With advances in single cell multi-omics sequencing, simultaneous profiling of the transcriptome and epigenome paves the way to bridge the link between epigenetic controls leading to transcriptional events that constitute the heterogeneity of EMT. For instance, several techniques have been developed to capture both mRNA with chromatin accessibility from the same cell102,103,104. This could provide information to correlate between chromatin accessibility and gene expression in EMT models, as well as elucidate the possible TFs that orchestrate the accessibility changes at the EMT genes at different EMT states. Taken into account that EMT-TFs could also regulate their downstream genes through DNA methylation, a technique developed by Gu et al. that captures information on both DNA methylation and accessibility from a single cell would have potential to provide further insights on the regulatory mechanisms of EMT-TFs along the different transitional phases during EMT105.

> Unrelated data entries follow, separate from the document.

lemma Qbar_drift_subcritical:
  fixes p q :: real
  assumes p: "0 < p" "p < 1" and q: "0 < q" "q < 1" and h: "-1 + q + p powr q < 0"
  shows "\<exists>V N. (\<forall>k\<ge>1. 0 \<le> V k) \<and>
    (\<forall>j\<ge>N. 1 \<le> j \<longrightarrow> (\<Sum>k\<in>{1..j+1}. Qbar p j k * V k) + real j powr q + 1 \<le> 0)"
proof -
  define K :: real where "K = exp 1"
  have K: "1 < K"
    by (simp add: K_def)
  interpret powlog_concave q 0 K
    by unfold_locales (use q K in \<open>auto simp: K_def\<close>)
  define \<theta> where "\<theta> = exp (q * ln p) - 1 + q"
  have \<theta>: "\<theta> < 0"
    using h p by (simp add: \<theta>_def powr_def)
  have lim_drift: "((\<lambda>x. powlog_drift p q 0 K x / powlog q 0 K x) \<longlongrightarrow> \<theta>) at_top"
    unfolding powlog_drift_def powlog_def powlog_dlog_def \<theta>_def
    using p q K by (real_asymp simp: p q K)
  have lim_f: "((\<lambda>x. (x powr q + 1) / powlog q 0 K x) \<longlongrightarrow> 1) at_top"
    unfolding powlog_def using p q K by (real_asymp simp: p q K)
  show ?thesis
    by (rule Qbar_powlog_drift[OF p(1) less_imp_le[OF p(2)] lim_drift \<theta> lim_f])
       (simp add: powlog_pos)
qed

lemma Qbar_drift_critical:
  fixes p q r :: real
  assumes p: "0 < p" "p < 1" and q: "0 < q" "q < 1" and r: "0 < r" and pq: "p powr q = 1 - q"
  shows "\<exists>V N. (\<forall>k\<ge>1. 0 \<le> V k) \<and>
    (\<forall>j\<ge>N. 1 \<le> j \<longrightarrow> (\<Sum>k\<in>{1..j+1}. Qbar p j k * V k)
        + real j powr q * ln (real j + 1) powr (-(r + 1)) + 1 \<le> 0)"
proof -
  define K :: real where "K = exp (1 + 2 * r / (q * (1 - q)))"
  have "0 \<le> 2 * r / (q * (1 - q))"
    using q r by simp
  then have K: "1 < K"
    by (simp add: K_def)
  interpret powlog_concave q r K
    by unfold_locales (use q K r \<open>0 \<le> 2 * r / (q * (1 - q))\<close> in \<open>auto simp: K_def\<close>)
  have exp_q_ln_p: "exp (q * ln p) = 1 - q"
    using p pq by (simp add: powr_def)
  define \<theta> where "\<theta> = - r * (1 - q) * ln p - r"
  have \<theta>: "\<theta> < 0"
    using critical_exponent_bound[OF p(1) q pq] r mult_strict_left_mono[of "(1 - q) * (- ln p)" 1 r]
    by (simp add: \<theta>_def algebra_simps)
  have lim_drift: "((\<lambda>x. powlog_drift p q r K x / (powlog q r K x / ln (x + K))) \<longlongrightarrow> \<theta>) at_top"
    unfolding powlog_drift_def powlog_def powlog_dlog_def \<theta>_def
    using p q K r exp_q_ln_p by (real_asymp simp: p q K r exp_q_ln_p)
  have lim_f: "((\<lambda>x. (x powr q * ln (x + 1) powr (-(r + 1)) + 1) / (powlog q r K x / ln (x + K)))
      \<longlongrightarrow> 1) at_top"
    unfolding powlog_def using p q K r by (real_asymp simp: p q K r)
  have "eventually (\<lambda>x. 0 < powlog q r K x / ln (x + K)) at_top"
    using eventually_gt_at_top[of 0]
    by eventually_elim (use ln_shift_ge(1) powlog_pos in \<open>fastforce intro: divide_pos_pos\<close>)
  then show ?thesis
    by (rule Qbar_powlog_drift[OF p(1) less_imp_le[OF p(2)] lim_drift \<theta> lim_f])
qed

To decipher the role of 3D genome in the regulation of EMT at the single cell resolution, technical breakthroughs are crucial to accelerate discovery. The techniques available at the moment for generating single cell 3D genomes are either of low throughput53 or lack the capability to simultaneously characterize the EMT states of each single cell via the expression of epithelial/mesenchymal markers at the high throughput setting23,106,107,108,109.

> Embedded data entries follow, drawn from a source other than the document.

(* Let $f\colon I\to I$ be continuous and $k\ge1$, and assume $\mathrm{Per}(f,k)$ is a Cantor set. Fix $x\in\mathrm{Per}(f,k)$ and $\varepsilon>0$, and let $\mu_x$ be the unique $f$-invariant Borel probability measure supported on the orbit of $x$. Then there is a non-atomic Borel probability measure $\nu$ supported on $\mathrm{Per}(f,k)$ such that $D(\mu_x,\nu)<\varepsilon$.
   Context: $I=[0,1]$. $\mathrm{Per}(f,k)=\{x: f^k(x)=x,\ f^i(x)\ne x,\ 1\le i<k\}$. For $A\subset I$, $B(A,\varepsilon)=\{y\in I: |y-a|<\varepsilon \text{ for some } a\in A\}$. The Prohorov metric on Borel probability measures on $I$ is $D(\mu,\nu)=\inf\{\varepsilon>0: \mu(A)\le\nu(B(A,\varepsilon))+\varepsilon \text{ and } \nu(A)\le\mu(B(A,\varepsilon))+\varepsilon \text{ for all Borel } A\subset I\}$. A Cantor set is a nonempty compact, perfect, totally disconnected set. *)

theory Defs
  imports "HOL-Probability.Probability"
begin

definition unitI :: "real set" where "unitI = {0..1}"

definition Per :: "(real \<Rightarrow> real) \<Rightarrow> nat \<Rightarrow> real set" where
  "Per f k = {x \<in> unitI. (f ^^ k) x = x \<and> (\<forall>i. 1 \<le> i \<and> i < k \<longrightarrow> (f ^^ i) x \<noteq> x)}"

definition orbit :: "(real \<Rightarrow> real) \<Rightarrow> real \<Rightarrow> real set" where
  "orbit f x = {(f ^^ n) x | n. True}"

definition cantor_set :: "real set \<Rightarrow> bool" where
  "cantor_set S \<longleftrightarrow> S \<noteq> {} \<and> compact S \<and> (\<forall>x\<in>S. x islimpt S)
     \<and> (\<forall>C. C \<subseteq> S \<and> connected C \<longrightarrow> (\<forall>a\<in>C. \<forall>b\<in>C. a = b))"

abbreviation borelI :: "real measure" where "borelI \<equiv> restrict_space borel unitI"

definition is_prob_I :: "real measure \<Rightarrow> bool" where
  "is_prob_I M \<longleftrightarrow> prob_space M \<and> sets M = sets borelI"

definition Bnbhd :: "real set \<Rightarrow> real \<Rightarrow> real set" where
  "Bnbhd A e = {y \<in> unitI. \<exists>a\<in>A. \<bar>y - a\<bar> < e}"

definition prohorov :: "real measure \<Rightarrow> real measure \<Rightarrow> real" where
  "prohorov \<mu> \<nu> = Inf {e. e > 0 \<and> (\<forall>A \<in> sets borelI.
       measure \<mu> A \<le> measure \<nu> (Bnbhd A e) + e \<and> measure \<nu> A \<le> measure \<mu> (Bnbhd A e) + e)}"

definition f_invariant :: "(real \<Rightarrow> real) \<Rightarrow> real measure \<Rightarrow> bool" where
  "f_invariant f M \<longleftrightarrow> (\<forall>A \<in> sets M. measure M (f -` A \<inter> unitI) = measure M A)"

end

(* mu is carried by the orbit of x, a finite subset Q of the perfect compact set Per f k.
   A perfect set contains, inside any ball around one of its points, a binary tree of nested,
   pairwise disjoint closed balls with radii tending to 0; following the branches gives an
   injective measurable map from the coin-tossing space, and the image of the fair coin measure
   is a non-atomic probability measure on Per f k concentrated within distance delta of q.
   Replacing each point mass mu{q} at q by mu{q} times this measure moves no mass by delta or
   more, so the Prohorov distance is at most delta. *)

theory Submission
  imports Defs
begin

section \<open>Cantor space\<close>

abbreviation coin_flips :: "(nat \<Rightarrow> bool) measure" where
  "coin_flips \<equiv> PiM UNIV (\<lambda>_. measure_pmf (bernoulli_pmf (1/2)))"

lemma prob_space_coin_flips: "prob_space coin_flips"
  by (rule prob_space_PiM) (simp add: prob_space_measure_pmf)

lemma measurable_coin_flips_prefix:
  "(\<lambda>\<omega>. map \<omega> [0..<n]) \<in> measurable coin_flips (count_space UNIV)"
proof (induction n)
  case (Suc n)
  have "(\<lambda>\<omega>. (\<lambda>s \<omega>. s @ [\<omega> n]) (map \<omega> [0..<n]) \<omega>) \<in> measurable coin_flips (count_space UNIV)"
  proof (rule measurable_compose_countable'[OF _ Suc])
    fix s :: "bool list"
    have "(\<lambda>\<omega>. \<omega> n) \<in> measurable coin_flips (measure_pmf (bernoulli_pmf (1/2)))"
      by (rule measurable_component_singleton) simp
    then show "(\<lambda>\<omega>. s @ [\<omega> n]) \<in> measurable coin_flips (count_space UNIV)"
      by (rule measurable_compose) simp
  qed simp
  then show ?case by simp
qed simp

lemma coin_flips_singleton: "measure coin_flips {\<omega>} = 0"
proof -
  interpret prob_space coin_flips by (rule prob_space_coin_flips)
  have "measure coin_flips {\<omega>} \<le> (1/2) ^ n" for n
  proof -
    define cylinder where "cylinder = prod_emb UNIV (\<lambda>_. measure_pmf (bernoulli_pmf (1/2)))
      {..<n} (PiE {..<n} (\<lambda>i. {\<omega> i}))"
    have "emeasure coin_flips cylinder = (\<Prod>i<n. emeasure (measure_pmf (bernoulli_pmf (1/2))) {\<omega> i})"
      unfolding cylinder_def by (rule emeasure_PiM_emb) (auto simp: prob_space_measure_pmf)
    also have "\<dots> = (\<Prod>i<n. ennreal (1/2))"
      by (intro prod.cong refl)
        (simp add: emeasure_pmf_single pmf_bernoulli_True pmf_bernoulli_False split: bool.split)
    also have "\<dots> = ennreal ((1/2) ^ n)"
      by (subst prod_ennreal) auto
    finally have "measure coin_flips cylinder = (1/2) ^ n"
      by (simp add: measure_def)
    moreover have "cylinder \<in> sets coin_flips"
      unfolding cylinder_def by (rule sets_PiM_I) auto
    moreover have "{\<omega>} \<subseteq> cylinder"
      by (auto simp: cylinder_def prod_emb_def)
    ultimately show ?thesis
      using finite_measure_mono by metis
  qed
  then have "measure coin_flips {\<omega>} \<le> 0"
    by (intro LIMSEQ_le_const[OF LIMSEQ_power_zero]) auto
  then show ?thesis
    using measure_nonneg antisym by blast
qed

section \<open>Cantor sets in perfect sets\<close>

lemma perfect_set_disjoint_cballs:
  fixes K :: "'a::metric_space set"
  assumes perfect: "\<forall>x\<in>K. x islimpt K" and "c \<in> K" "\<rho> > 0"
  obtains c' s where "c' \<in> K" "0 < s" "s \<le> \<rho> / 2" "cball c' s \<subseteq> cball c \<rho>"
    "cball c s \<inter> cball c' s = {}"
proof -
  obtain c' where c': "c' \<in> K" "c' \<noteq> c" "dist c' c < \<rho> / 2"
    using assms islimpt_approachable[of c K] by (metis half_gt_zero)
  define s where "s = min (dist c' c / 3) (\<rho> / 4)"
  have s: "0 < s" "3 * s \<le> dist c' c" "s \<le> \<rho> / 4"
    using c' \<open>\<rho> > 0\<close> by (auto simp: s_def)
  have "cball c' s \<subseteq> cball c \<rho>"
  proof
    fix y assume "y \<in> cball c' s"
    then show "y \<in> cball c \<rho>"
      using c' s dist_triangle[of c y c'] by (simp add: dist_commute)
  qed
  moreover have "cball c s \<inter> cball c' s = {}"
  proof (rule ccontr)
    assume "cball c s \<inter> cball c' s \<noteq> {}"
    then obtain y where "dist c y \<le> s" "dist c' y \<le> s" by auto
    then show False
      using s dist_triangle[of c' c y] by (simp add: dist_commute)
  qed
  ultimately show ?thesis
    using that c' s by simp
qed

lemma perfect_set_cball_tree:
  fixes K :: "'a::metric_space set"
  assumes perfect: "\<forall>x\<in>K. x islimpt K" and "p \<in> K" "r > 0"
  obtains c :: "bool list \<Rightarrow> 'a" and \<rho> :: "bool list \<Rightarrow> real"
  where "c [] = p" "\<And>t. c t \<in> K" "\<And>t. 0 < \<rho> t" "\<And>t. \<rho> t \<le> r / 2 ^ length t"
    "\<And>t b. cball (c (t @ [b])) (\<rho> (t @ [b])) \<subseteq> cball (c t) (\<rho> t)"
    "\<And>t. cball (c (t @ [False])) (\<rho> (t @ [False])) \<inter> cball (c (t @ [True])) (\<rho> (t @ [True])) = {}"
proof -
  have "\<forall>z \<rho>. \<exists>z' s. z \<in> K \<and> \<rho> > 0 \<longrightarrow> z' \<in> K \<and> 0 < s \<and> s \<le> \<rho> / 2
      \<and> cball z' s \<subseteq> cball z \<rho> \<and> cball z s \<inter> cball z' s = {}"
    using perfect_set_disjoint_cballs[OF perfect] by metis
  then obtain split radius where split: "\<And>z \<rho>. z \<in> K \<Longrightarrow> \<rho> > 0 \<Longrightarrow>
      split z \<rho> \<in> K \<and> 0 < radius z \<rho> \<and> radius z \<rho> \<le> \<rho> / 2
      \<and> cball (split z \<rho>) (radius z \<rho>) \<subseteq> cball z \<rho> \<and> cball z (radius z \<rho>) \<inter> cball (split z \<rho>) (radius z \<rho>) = {}"
    by metis
  define T where "T = foldl (\<lambda>(z, \<rho>) b. (if b then split z \<rho> else z, radius z \<rho>)) (p, r)"
  have T_snoc: "T (t @ [b]) = (if b then split (fst (T t)) (snd (T t)) else fst (T t), radius (fst (T t)) (snd (T t)))"
    for t b by (simp add: T_def split_beta)
  have T_inv: "fst (T t) \<in> K \<and> 0 < snd (T t) \<and> snd (T t) \<le> r / 2 ^ length t" for t
  proof (induction t rule: rev_induct)
    case (snoc b t)
    then show ?case using split[of "fst (T t)" "snd (T t)"] by (auto simp: T_snoc)
  qed (use assms in \<open>simp add: T_def\<close>)
  show ?thesis
  proof (rule that[of "fst \<circ> T" "snd \<circ> T"])
    fix t b
    show "cball ((fst \<circ> T) (t @ [b])) ((snd \<circ> T) (t @ [b])) \<subseteq> cball ((fst \<circ> T) t) ((snd \<circ> T) t)"
      using split[of "fst (T t)" "snd (T t)"] T_inv[of t] by (auto simp: T_snoc)
  qed (use T_inv split T_snoc in \<open>auto simp: T_def\<close>)
qed

lemma cball_tree_branch_points:
  fixes c :: "bool list \<Rightarrow> 'a::complete_space"
  assumes \<rho>_nonneg: "\<And>t. 0 \<le> \<rho> t" and \<rho>_le: "\<And>t. \<rho> t \<le> r / 2 ^ length t"
    and nested_step: "\<And>t b. cball (c (t @ [b])) (\<rho> (t @ [b])) \<subseteq> cball (c t) (\<rho> t)"
  obtains \<phi> where "\<And>\<omega> n. \<phi> \<omega> \<in> cball (c (map \<omega> [0..<n])) (\<rho> (map \<omega> [0..<n]))"
    "\<And>\<omega>. (\<lambda>n. c (map \<omega> [0..<n])) \<longlonglongrightarrow> \<phi> \<omega>"
proof -
  define B where "B t = cball (c t) (\<rho> t)" for t
  have B_small: "dist x (c t) \<le> r / 2 ^ length t" if "x \<in> B t" for x t
    using that \<rho>_le[of t] by (simp add: B_def dist_commute)
  have nested: "B (map \<omega> [0..<m]) \<subseteq> B (map \<omega> [0..<n])" if "n \<le> m" for \<omega> m n
    using that
  proof (induction rule: dec_induct)
    case (step m)
    then show ?case using nested_step[of "map \<omega> [0..<m]" "\<omega> m"] by (simp add: B_def)
  qed simp
  have small: "\<exists>n. \<forall>x\<in>B (map \<omega> [0..<n]). \<forall>y\<in>B (map \<omega> [0..<n]). dist x y < \<epsilon>"
    if "\<epsilon> > 0" for \<omega> \<epsilon>
  proof -
    obtain n where n: "r / 2 ^ n < \<epsilon> / 2"
      using order_tendstoD(2)[OF LIMSEQ_divide_realpow_zero[of 2 r], of "\<epsilon> / 2"] \<open>\<epsilon> > 0\<close>
      by (auto dest: eventually_happens)
    have "dist x y < \<epsilon>" if "x \<in> B (map \<omega> [0..<n])" "y \<in> B (map \<omega> [0..<n])" for x y
      using B_small[OF that(1)] B_small[OF that(2)] dist_triangle2[of x y "c (map \<omega> [0..<n])"] n
      by (simp only: length_map length_upt diff_zero)
    then show ?thesis by blast
  qed
  have "\<exists>a. \<forall>n. a \<in> B (map \<omega> [0..<n])" for \<omega>
  proof -
    obtain a where "\<And>n. a \<in> B (map \<omega> [0..<n])"
    proof (rule decreasing_closed_nest[of "\<lambda>n. B (map \<omega> [0..<n])"])
      show "closed (B (map \<omega> [0..<n]))" for n
        by (simp add: B_def)
      show "B (map \<omega> [0..<n]) \<noteq> {}" for n
        using \<rho>_nonneg[of "map \<omega> [0..<n]"] by (auto simp: B_def)
      show "B (map \<omega> [0..<n]) \<subseteq> B (map \<omega> [0..<m])" if "m \<le> n" for m n
        using that by (rule nested)
    qed (blast intro: small)+
    then show ?thesis by blast
  qed
  then obtain \<phi> where \<phi>_in_B: "\<And>\<omega> n. \<phi> \<omega> \<in> B (map \<omega> [0..<n])"
    by metis
  have "(\<lambda>n. c (map \<omega> [0..<n])) \<longlonglongrightarrow> \<phi> \<omega>" for \<omega>
  proof -
    have "norm (dist (c (map \<omega> [0..<n])) (\<phi> \<omega>)) \<le> r / 2 ^ n" for n
      using B_small[OF \<phi>_in_B[of \<omega> n]] by (simp add: dist_commute)
    then have "(\<lambda>n. dist (c (map \<omega> [0..<n])) (\<phi> \<omega>)) \<longlonglongrightarrow> 0"
      by (intro Lim_null_comparison[OF always_eventually LIMSEQ_divide_realpow_zero[of 2 r]]) auto
    then show ?thesis
      by (rule tendsto_dist_iff[THEN iffD2])
  qed
  with \<phi>_in_B show ?thesis
    using that unfolding B_def by blast
qed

In conjunction to scHi-C, computational methods which maximises for the sparseness observed in most scHi-C data are also crucial. Current computational methods to enhance scHi-C datasets include unsupervised embedding110,111, random-walk-based imputation112 or hypergraph representation learning of contact maps113. Despite the sparsity of scHi-C contacts, it was shown that at the single-cell level, the chromosomal conformation at VIM was able to delineate single-cells by their EMT states, as determined by fluorescence measure of the EMT protein markers53. With the advent of more technological breakthroughs, sophisticated seqFISH114,115 techniques such as DNA and intron seqFISH+ could enable us to elucidate the dynamics of nuclear organization and transcriptomics during EMT through spatial genomics in a temporal fashion, aspects that are largely obscured in current single-cell techniques (Box 1).

Future perspectives

Currently, we discussed the EMT spectrum in the context of transcriptional signature, there are other functional subtypes of the spectrum, including the ameboid state116. Although EMT occurs in a context-dependent manner, therein lies core regulatory networks present in both physiological and pathological conditions which are previously summarized in recent reviews4,117, and the checkpoints at each transitional phase of the EMT spectrum could be governed by different EMT-TFs of the core regulatory networks (EMT-inducers or EMT-gatekeepers)7,52,118,119. Therefore, the use of chromatin conformation techniques in future EMT models, such mouse models7,60 or cell lines53,67,120, should be considered carefully and as recommended by the latest TEMTIA guidelines5. In a comprehensive approach to map the 3D genome changes between transitional phases along the EMT spectrum, HiChIP or ChIA-PET could be used to elucidate the EMT-TFs-centric chromatin interactions. By mapping the diverse EMT-TFs trajectory paths in a spatiotemporal manner, it would be possible to identify epigenomic events which predate the downstream activation of EMT transcriptional programs at various transitional phases of EMT. This could facilitate our comprehensive understanding of how the 3D genome and the EMT-TFs co-orchestrate the plasticity landscape. Given the transitional and continuous nature of the EMT Spectrum7,97,121,122,123,124,125,126, it is crucial to delineate the regulatory landscape of subpopulations of different EMT states under different context. The heterogeneity and dynamics of EMT regulatory epigenome needs to be answered via single cell-omics platforms with close collaborations with multidisciplinary computational and mathematical modelling expertise. These efforts will help decipher how the plasticity occurs during EMT under different context to guide the future development of translational applications of the EMT concept in diseases.